‘Colossal’, ‘Graduation’, ‘The Transfiguration’
The 2016 slate of modest, festival-driven titles captured a moment when indie cinema still carved out space for strange hybrids and quiet provocations. Years later the films remain touchstones for viewers who caught them on the circuit or hunted down the eventual streaming drops. Their themes of control, identity, and moral compromise have held up without needing fresh spin.
Streaming and Availability Update
Colossal landed on Netflix in early 2026, giving Anne Hathaway’s kaiju allegory a second life for audiences who missed the brief theatrical window. Graduation and The Transfiguration circulate on arthouse VOD platforms, while All These Sleepless Nights pops up on specialty documentary channels. The shift from limited runs to on-demand access has widened the reach without changing the films themselves.
Director Career Trajectories Since 2016
Cristian Mungiu announced his English-language debut Fjord in late 2025, extending the austere moral inquiries he sharpened on Graduation. Nacho Vigalondo has continued genre experiments in interviews, keeping the playful monster logic of Colossal alive in smaller projects. Michael O’Shea and Michal Marczak have stayed lower-profile, each returning to intimate character work rather than chasing wider commercial swings.
Enduring Critical Reception
Colossal holds an 82 percent approval rating on Rotten Tomatoes and a 70 Metacritic score as of 2026, with praise still centering on Hathaway’s layered lead turn. Graduation sits at 95 percent on Rotten Tomatoes, its steady climb reflecting consistent admiration for Mungiu’s precise dissection of compromise. The Transfiguration and All These Sleepless Nights maintain smaller but loyal followings, cited often in roundups of overlooked festival titles.
Themes in Contemporary Context
Colossal’s commentary on male privilege and the monsters people carry continues to surface in discussions of genre subversion. Graduation’s portrait of corruption and family pressure still resonates in Romanian cinema conversations about systemic erosion. The Transfiguration’s quiet vampire coming-of-age story and All These Sleepless Nights’ hybrid snapshot of Warsaw youth remain reference points for filmmakers exploring identity through stylized realism.

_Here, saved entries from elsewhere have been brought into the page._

lemma ode_solution_shift:
  assumes "ode_solution g u"
  shows "ode_solution g (\<lambda>t. u (s + t))"
  unfolding ode_solution_def
proof
  fix t
  have "((\<lambda>t. s + t) has_vector_derivative 1) (at t)"
    by (auto intro!: derivative_eq_intros simp flip: has_real_derivative_iff_has_vector_derivative)
  moreover have "(u has_vector_derivative g (u (s + t))) (at (s + t))"
    using assms by (simp add: ode_solution_def)
  ultimately show "((\<lambda>t. u (s + t)) has_vector_derivative g (u (s + t))) (at t)"
    using vector_diff_chain_at by (fastforce simp: o_def)
qed

lemma ode_solution_reverse:
  assumes "ode_solution g u"
  shows "ode_solution (\<lambda>x. - g x) (\<lambda>t. u (- t))"
  unfolding ode_solution_def
proof
  fix t
  have "((\<lambda>t. - t) has_vector_derivative - 1) (at t)"
    by (auto intro!: derivative_eq_intros simp flip: has_real_derivative_iff_has_vector_derivative)
  moreover have "(u has_vector_derivative g (u (- t))) (at (- t))"
    using assms by (simp add: ode_solution_def)
  ultimately show "((\<lambda>t. u (- t)) has_vector_derivative - g (u (- t))) (at t)"
    using vector_diff_chain_at by (fastforce simp: o_def)
qed

lemma ode_solutions_norm_diff_le:
  fixes u w :: "real \<Rightarrow> 'a::real_inner"
  assumes u: "ode_solution g u" and w: "ode_solution g w" and "0 \<le> s" "0 \<le> L"
    and lip: "\<And>r. r \<in> {0..s} \<Longrightarrow> norm (g (u r) - g (w r)) \<le> L * norm (u r - w r)"
  shows "norm (u s - w s) \<le> norm (u 0 - w 0) * exp (L * s)"
proof -
  define d where "d r = u r - w r" for r
  define d' where "d' r = g (u r) - g (w r)" for r
  have "(d has_vector_derivative d' r) (at r)" for r
    using u w unfolding d_def d'_def ode_solution_def by (intro has_vector_derivative_diff) auto
  then have d: "(d has_derivative (\<lambda>h. h *\<^sub>R d' r)) (at r)" for r
    by (simp add: has_vector_derivative_def)
  \<comment> \<open>\<open>\<parallel>d\<parallel>\<^sup>2\<close> grows at rate at most \<open>2L \<parallel>d\<parallel>\<^sup>2\<close>, so \<open>exp (-2 L r) \<parallel>d r\<parallel>\<^sup>2\<close> is nonincreasing\<close>
  define h where "h r = exp (- 2 * L * r) * (d r \<bullet> d r)" for r
  have h': "(h has_real_derivative
      exp (- 2 * L * r) * (2 * (d r \<bullet> d' r) - 2 * L * (d r \<bullet> d r))) (at r)" for r
  proof -
    have "((\<lambda>r. d r \<bullet> d r) has_real_derivative 2 * (d r \<bullet> d' r)) (at r)"
      unfolding has_field_derivative_def
      by (rule has_derivative_eq_rhs[OF has_derivative_inner[OF d d]])
        (auto simp: inner_commute algebra_simps fun_eq_iff)
    then show ?thesis
      unfolding h_def by (auto intro!: derivative_eq_intros simp: algebra_simps)
  qed
  have "h s \<le> h 0"
  proof (rule DERIV_nonpos_imp_nonincreasing[OF \<open>0 \<le> s\<close>])
    fix r
    assume "0 \<le> r" "r \<le> s"
    have "d r \<bullet> d' r \<le> norm (d r) * norm (d' r)"
      by (rule norm_cauchy_schwarz)
    also have "\<dots> \<le> norm (d r) * (L * norm (d r))"
      using lip[of r] \<open>0 \<le> r\<close> \<open>r \<le> s\<close> unfolding d_def d'_def by (simp add: mult_left_mono)
    finally have "d r \<bullet> d' r \<le> L * (d r \<bullet> d r)"
      by (simp add: power2_norm_eq_inner[symmetric] power2_eq_square algebra_simps)
    then show "\<exists>y. (h has_real_derivative y) (at r) \<and> y \<le> 0"
      using h' by (intro exI conjI) (auto intro!: mult_nonneg_nonpos)
  qed
  then have "(norm (d s))\<^sup>2 \<le> (norm (d 0) * exp (L * s))\<^sup>2"
    by (simp add: h_def power2_norm_eq_inner[symmetric] exp_minus field_simps power_mult_distrib
        flip: exp_of_nat_mult)
  then show ?thesis
    unfolding d_def by (rule power2_le_imp_le) simp
qed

Colossal opens with Gloria, an online writer whose drinking spirals out of control in New York. After another messy night, her boyfriend evicts her and she retreats to her sleepy hometown. There she discovers that under very specific conditions she can project herself into a towering creature that rampages through Seoul. Director Nacho Vigalondo balances the absurdity with grounded emotional stakes, turning what could read as a gimmick into a study of accountability and power. Anne Hathaway and Jason Sudeikis anchor the tone, letting the metaphor about control and masculinity land without overstatement. The film now streams on Netflix, where its 82 percent Rotten Tomatoes and 70 Metacritic scores continue to draw fresh viewers.
All These Sleepless Nights follows two young Polish men navigating Warsaw nights that blur documentary observation with staged moments. Michal Marczak captures the drift of post-communist youth culture through late parties, tentative romances, and the city’s own slow transformation. The hybrid approach keeps the energy intimate rather than didactic, preserving a sense of lived-in immediacy even a decade later.
Graduation tracks a Romanian doctor whose daughter faces a crucial exam after an assault threatens her future. Cristian Mungiu builds quiet dread around the small bribes and ethical shortcuts required to secure her place at university. The film shared the Best Director prize at Cannes in 2016 and still sits at 95 percent on Rotten Tomatoes. Mungiu’s announced English-language project Fjord signals he intends to carry the same clinical gaze into new territory.
The Transfiguration introduces a Bronx teenager obsessed with vampire lore who begins to suspect his own impulses may cross into something darker. Michael O’Shea’s debut screened in Cannes Un Certain Regard and earned an Independent Spirit nomination, marking it as a modest but precise addition to urban vampire cinema. The story keeps its focus on loneliness and ritual rather than spectacle, letting the coming-of-age thread emerge through restraint.
Together the four films illustrate how 2016 festival fare could mix high-concept hooks with grounded social observation. Their continued availability and stable critical numbers suggest the themes of control, morality, and reinvention still find new audiences without requiring updated packaging.